Per sopravvivere alle ferie d’agosto dobbiamo soltanto fingere che abbiano senso una miriade di idiozie contrarie a ogni logica. In aeroporto, infilare tubetti e boccette in buste di plastica per contribuire alla sicurezza internazionale: non è una cosa squisitamente imbecille, come tingersi i capelli di verde per combattere la fame nel mondo o toccarsi tre volte il naso per contrastare l’entropia cosmica? I bagni: una sofferenza gratuita per la stragrande maggioranza degli esseri umani, che però mentono per non sfigurare. L’acqua è fredda, sottrae calore, non è il nostro elemento. Provate a buttare un gatto o un pappagallo in mare e vedrete com’è felice. Ma, per tutto il ‘900, canzoni, film e cartoline ci hanno mostrato che il paradiso è in mare. Non si possono deludere le cartoline.
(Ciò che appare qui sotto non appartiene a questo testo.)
lemma ladder_tail:
  assumes L: "ladder S (Suc m) y k \<delta>" and m: "m \<ge> 1"
  shows "ladder S m (\<lambda>i. y (Suc i)) (\<lambda>i. k (Suc i)) (\<lambda>i. \<delta> (Suc i))"
    and "S (k 1) (\<delta> 1) (y 0) (y 1)"
proof -
  have steps: "S (k i) (\<delta> i) (y (i - 1)) (y i)" if "i \<in> {1..Suc m}" for i
    using L that unfolding ladder_def by blast
  show "S (k 1) (\<delta> 1) (y 0) (y 1)" using steps[of 1] by simp
  show "ladder S m (\<lambda>i. y (Suc i)) (\<lambda>i. k (Suc i)) (\<lambda>i. \<delta> (Suc i))"
    unfolding ladder_def using m steps[of "Suc _"] by fastforce
qed

lemma ladder_rungs:
  assumes dsp: "dspace T D" and S: "\<And>k \<delta> u v. S k \<delta> u v \<Longrightarrow> \<delta> \<in> D \<and> \<delta> 0 = u \<and> \<delta> 1 = v"
  shows "ladder S m y k \<delta> \<Longrightarrow> rungs m \<delta> \<in> D \<and> rungs m \<delta> 0 = y 0 \<and> rungs m \<delta> 1 = y m"
proof (induction m arbitrary: y k \<delta>)
  case 0
  then show ?case by (simp add: ladder_def)
next
  case (Suc m)
  show ?case
  proof (cases "m = 0")
    case True
    then show ?thesis using Suc.prems S by (auto simp: ladder_def rungs_def)
  next
    case False
    then have m: "m \<ge> 1" by simp
    note tail = ladder_tail[OF Suc.prems m]
    have "rungs m (\<lambda>i. \<delta> (Suc i)) \<in> D \<and> rungs m (\<lambda>i. \<delta> (Suc i)) 0 = y 1
        \<and> rungs m (\<lambda>i. \<delta> (Suc i)) 1 = y (Suc m)"
      using Suc.IH[OF tail(1)] by simp
    then show ?thesis
      using S[OF tail(2)] D_dcat[OF dsp] by (simp add: rungs_Suc[OF m])
  qed
qed

locale van_kampen_retracts =
  fixes T :: "'a topology" and D :: "(real \<Rightarrow> 'a) set"
    and X1 X2 A1 A2 :: "'a set"
    and P0o P1o P2o :: "'a \<Rightarrow> 'a"
    and P0m P1m P2m :: "(real \<Rightarrow> 'a) set \<Rightarrow> (real \<Rightarrow> 'a) set"
    and \<eta>0 \<eta>1 \<eta>2 :: "'a \<Rightarrow> (real \<Rightarrow> 'a) set"
  assumes dsp: "dspace T D"
    and X1sub: "X1 \<subseteq> topspace T" and X2sub: "X2 \<subseteq> topspace T"
    and X_cover: "topspace T \<subseteq> X1 \<union> X2"
    and A1sub: "A1 \<subseteq> X1" and A2sub: "A2 \<subseteq> X2"
    and P0: "future_retract (subtopology T (X1 \<inter> X2)) (subdi D (X1 \<inter> X2)) (A1 \<inter> A2) P0o P0m \<eta>0"
    and P1: "future_retract (subtopology T X1) (subdi D X1) A1 P1o P1m \<eta>1"
    and P2: "future_retract (subtopology T X2) (subdi D X2) A2 P2o P2m \<eta>2"
    and obj1: "\<forall>x\<in>X1 \<inter> X2. P1o x = P0o x"
    and obj2: "\<forall>x\<in>X1 \<inter> X2. P2o x = P0o x"
    and unit1: "\<forall>x\<in>X1 \<inter> X2. incl (subtopology T X1) (subdi D X1) (\<eta>0 x) = \<eta>1 x"
    and unit2: "\<forall>x\<in>X1 \<inter> X2. incl (subtopology T X2) (subdi D X2) (\<eta>0 x) = \<eta>2 x"
begin

text \<open>The retraction on objects, glued from P1 and P2 (they agree on X0), and a chosen dipath
  E x representing the unit at x; on X0 it is taken from the unit of P0.\<close>
definition Pk :: "'a \<Rightarrow> 'a" where
  "Pk x = (if x \<in> X1 then P1o x else P2o x)"

definition E :: "'a \<Rightarrow> real \<Rightarrow> 'a" where
  "E x = (if x \<in> X1 \<inter> X2 then SOME e. e \<in> \<eta>0 x
          else if x \<in> X1 then SOME e. e \<in> \<eta>1 x else SOME e. e \<in> \<eta>2 x)"

lemma Pk1: "x \<in> X1 \<Longrightarrow> Pk x = P1o x" and Pk2: "x \<in> X2 \<Longrightarrow> Pk x = P2o x"
  using obj1 obj2 by (auto simp: Pk_def)

lemma E_X0:
  assumes x: "x \<in> X1 \<inter> X2" shows "E x \<in> subdi D (X1 \<inter> X2)"
proof -
  have "X1 \<inter> X2 \<subseteq> topspace T" using X1sub by blast
  from future_retract_sub_unit_homs[OF dsp this P0 x]
  have h0: "\<eta>0 x \<in> homs (subtopology T (X1 \<inter> X2)) (subdi D (X1 \<inter> X2)) x (P0o x)" .
  have "E x = (SOME e. e \<in> \<eta>0 x)" using x by (simp add: E_def)
  then have "E x \<in> \<eta>0 x" using homs_some[OF h0] by simp
  then show ?thesis using homs_elem[OF h0] by blast
qed

text \<open>By compatibility of the units, E x represents the unit of every retract whose domain
  contains x.\<close>
lemma E_unit_incl:
  assumes x: "x \<in> X1 \<inter> X2" and sub: "X1 \<inter> X2 \<subseteq> X"
    and unit: "incl (subtopology T X) (subdi D X) (\<eta>0 x) = \<eta> x"
  shows "E x \<in> \<eta> x"
proof -
  have "E x \<in> subdi D X" using E_X0[OF x] sub by (auto simp: subdi_def)
  moreover have "\<eta> x = dcls (subtopology T X) (subdi D X) (SOME e. e \<in> \<eta>0 x)"
    using unit by (simp add: incl_def)
  moreover have "(SOME e. e \<in> \<eta>0 x) = E x" using x by (simp add: E_def)
  ultimately show ?thesis using dcls_mem by metis
qed

lemma E_unit1:
  assumes x: "x \<in> X1" shows "E x \<in> \<eta>1 x"
proof (cases "x \<in> X2")
  case True
  then show ?thesis using E_unit_incl[OF _ Int_lower1] unit1 x by blast
next
  case False
  have "E x = (SOME e. e \<in> \<eta>1 x)" using x False by (simp add: E_def)
  then show ?thesis using homs_some[OF future_retract_sub_unit_homs[OF dsp X1sub P1 x]] by simp
qed

lemma E_unit2:
  assumes x: "x \<in> X2" shows "E x \<in> \<eta>2 x"
proof (cases "x \<in> X1")
  case True
  then show ?thesis using E_unit_incl[OF _ Int_lower2] unit2 x by blast
next
  case False
  have "E x = (SOME e. e \<in> \<eta>2 x)" using x False by (simp add: E_def)
  then show ?thesis using homs_some[OF future_retract_sub_unit_homs[OF dsp X2sub P2 x]] by simp
qed

lemma E_path:
  assumes x: "x \<in> X1 \<union> X2" shows "E x \<in> D" "E x 0 = x" "E x 1 = Pk x"
proof -
  have "(E x \<in> subdi D X1 \<or> E x \<in> subdi D X2) \<and> E x 0 = x \<and> E x 1 = Pk x"
  proof (cases "x \<in> X1")
    case True
    then show ?thesis
      using homs_elem[OF future_retract_sub_unit_homs[OF dsp X1sub P1 True] E_unit1[OF True]] Pk1
      by simp
  next
    case False
    then have x2: "x \<in> X2" using x by blast
    then show ?thesis
      using homs_elem[OF future_retract_sub_unit_homs[OF dsp X2sub P2 x2] E_unit2[OF x2]] Pk2
      by simp
  qed
  then show "E x \<in> D" "E x 0 = x" "E x 1 = Pk x" using subdi_D by blast+
qed

lemma E_on_A:
  assumes a: "a \<in> A1 \<union> A2" shows "Pk a = a" and "dheq T D (\<lambda>_. a) (E a)"
proof -
  have "Pk a = a \<and> dheq T D (\<lambda>_. a) (E a)"
  proof (cases "a \<in> A1")
    case True
    then have "a \<in> topspace (subtopology T X1)" using A1sub X1sub by auto
    note fix1 = future_retract_fixes[OF dspace_subspace[OF dsp] P1 True this]
    have "E a \<in> dcls (subtopology T X1) (subdi D X1) (\<lambda>_. a)"
      using E_unit1 True A1sub fix1(2) by auto
    then have "dheq T D (\<lambda>_. a) (E a)" unfolding dcls_iff by (rule dheq_lift)
    moreover have "Pk a = a" using fix1(1) Pk1 True A1sub by auto
    ultimately show ?thesis by blast
  next
    case False
    then have a2: "a \<in> A2" using a by blast
    then have "a \<in> topspace (subtopology T X2)" using A2sub X2sub by auto
    note fix2 = future_retract_fixes[OF dspace_subspace[OF dsp] P2 a2 this]
    have "E a \<in> dcls (subtopology T X2) (subdi D X2) (\<lambda>_. a)"
      using E_unit2 a2 A2sub fix2(2) by auto
    then have "dheq T D (\<lambda>_. a) (E a)" unfolding dcls_iff by (rule dheq_lift)
    moreover have "Pk a = a" using fix2(1) Pk2 a2 A2sub by auto
    ultimately show ?thesis by blast
  qed
  then show "Pk a = a" "dheq T D (\<lambda>_. a) (E a)" by auto
qed

definition local_morphism :: "nat \<Rightarrow> (real \<Rightarrow> 'a) \<Rightarrow> 'a \<Rightarrow> 'a \<Rightarrow> bool" where
  "local_morphism k \<delta> u v \<longleftrightarrow> k \<in> {1, 2}
      \<and> u \<in> (if k = 1 then A1 else A2) \<and> v \<in> (if k = 1 then A1 else A2)
      \<and> \<delta> \<in> subdi D (if k = 1 then X1 else X2) \<and> \<delta> 0 = u \<and> \<delta> 1 = v"

lemma local_morphism_path: "local_morphism k \<delta> u v \<Longrightarrow> \<delta> \<in> D \<and> \<delta> 0 = u \<and> \<delta> 1 = v"
  unfolding local_morphism_def using subdi_D by metis

lemma piece_square:
  assumes c: "c \<in> subdi D X1 \<union> subdi D X2"
  shows "\<exists>k \<delta>. local_morphism k \<delta> (Pk (c 0)) (Pk (c 1))
           \<and> dheq T D (dcat (E (c 0)) \<delta>) (dcat c (E (c 1)))"
proof (cases "c \<in> subdi D X1")
  case True
  note ends = subdi_ends[OF True]
  obtain \<delta> where "\<delta> \<in> subdi D X1" "\<delta> 0 = P1o (c 0)" "\<delta> 1 = P1o (c 1)"
      "P1o (c 0) \<in> A1" "P1o (c 1) \<in> A1" "dheq T D (dcat (E (c 0)) \<delta>) (dcat c (E (c 1)))"
    using future_retract_square_sub[OF dsp X1sub P1 True E_unit1 E_unit1] ends by blast
  then have "local_morphism 1 \<delta> (Pk (c 0)) (Pk (c 1))
      \<and> dheq T D (dcat (E (c 0)) \<delta>) (dcat c (E (c 1)))"
    using ends Pk1 by (simp add: local_morphism_def)
  then show ?thesis by blast
next
  case False
  then have c2: "c \<in> subdi D X2" using c by blast
  note ends = subdi_ends[OF c2]
  obtain \<delta> where "\<delta> \<in> subdi D X2" "\<delta> 0 = P2o (c 0)" "\<delta> 1 = P2o (c 1)"
      "P2o (c 0) \<in> A2" "P2o (c 1) \<in> A2" "dheq T D (dcat (E (c 0)) \<delta>) (dcat c (E (c 1)))"
    using future_retract_square_sub[OF dsp X2sub P2 c2 E_unit2 E_unit2] ends by blast
  then have "local_morphism 2 \<delta> (Pk (c 0)) (Pk (c 1))
      \<and> dheq T D (dcat (E (c 0)) \<delta>) (dcat c (E (c 1)))"
    using ends Pk2 by (simp add: local_morphism_def)
  then show ?thesis by blast
qed

lemma endpoints_in_X: "g \<in> D \<Longrightarrow> g 0 \<in> X1 \<union> X2 \<and> g 1 \<in> X1 \<union> X2"
  using path_image_subset_topspace[OF D_path[OF dsp]] X_cover by fastforce

lemma ladder_points:
  assumes "ladder local_morphism m y k \<delta>" shows "\<forall>i\<le>m. y i \<in> A1 \<union> A2"
proof (intro allI impI)
  fix i assume i: "i \<le> m"
  define j where "j = max i 1"
  have "j \<in> {1..m}" "i = j - 1 \<or> i = j"
    using i assms unfolding j_def ladder_def by auto
  then have "local_morphism (k j) (\<delta> j) (y (j - 1)) (y j)"
    using assms unfolding ladder_def by blast
  then have "y (j - 1) \<in> A1 \<union> A2 \<and> y j \<in> A1 \<union> A2"
    unfolding local_morphism_def by (auto split: if_splits)
  then show "y i \<in> A1 \<union> A2" using \<open>i = j - 1 \<or> i = j\<close> by auto
qed

definition telescope :: "(real \<Rightarrow> 'a) \<Rightarrow> nat \<Rightarrow> (nat \<Rightarrow> 'a) \<Rightarrow> (nat \<Rightarrow> nat)
    \<Rightarrow> (nat \<Rightarrow> real \<Rightarrow> 'a) \<Rightarrow> bool" where
  "telescope g m y k \<delta> \<longleftrightarrow> ladder local_morphism m y k \<delta>
      \<and> y 0 = Pk (g 0) \<and> y m = Pk (g 1)
      \<and> dheq T D (dcat (E (g 0)) (rungs m \<delta>)) (dcat g (E (g 1)))"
Quindi andiamolo a cercare questo paradiso, là sotto, tra i pesciolini che ci mangiucchiano la pelle morta dei piedi. A prezzo di mossette ed espressioni degradanti ci abituiamo: c’è chi abbozza qualche bracciata, chi resta in ammollo a contemplare l’orizzonte per dissimulare una pisciatina. Poi ci sdraiamo al sole per asciugarci e cerchiamo di non pensarci. Ci siamo spaccati la schiena tutto l’inverno per subire sbalzi termici e ammazzare la noia con le parole crociate.

Immaginate di essere un alieno che guarda l’Italia dall’alto: tutti nei due o tre giorni più caldi dell’anno, tutti nelle stesse sei o sette arterie autostradali, ci buttiamo in auto, sull’asfalto. Il nostro alieno crederà che sia molto bello, per noi, almeno una volta all’anno, restare in coda con quei pezzi di latta in ambienti torridi, una specie di festa nazionale. Però si avvicina e vede l’odio. Medi tesi, urla, clacson, litigi perfino dentro gli abitacoli: “Siamo partiti tardi”, “te l’avevo detto”, “la parallela, la parallela!”. Solo con lo scaccolamento il vacanziero in fila si rilassa. Con i virtuosismi di indici, pollici e, per i più raffinati, di mignoli, i suoi occhi si spengono pian piano, fino ad assomigliare a quelli dei primati che si spulciano a vicenda, ma noi siamo più evoluti e facciamo da soli. No, signor alieno, aspetti, non se ne vada, c’è un trancio di pizza incluso nel biglietto per la piscina!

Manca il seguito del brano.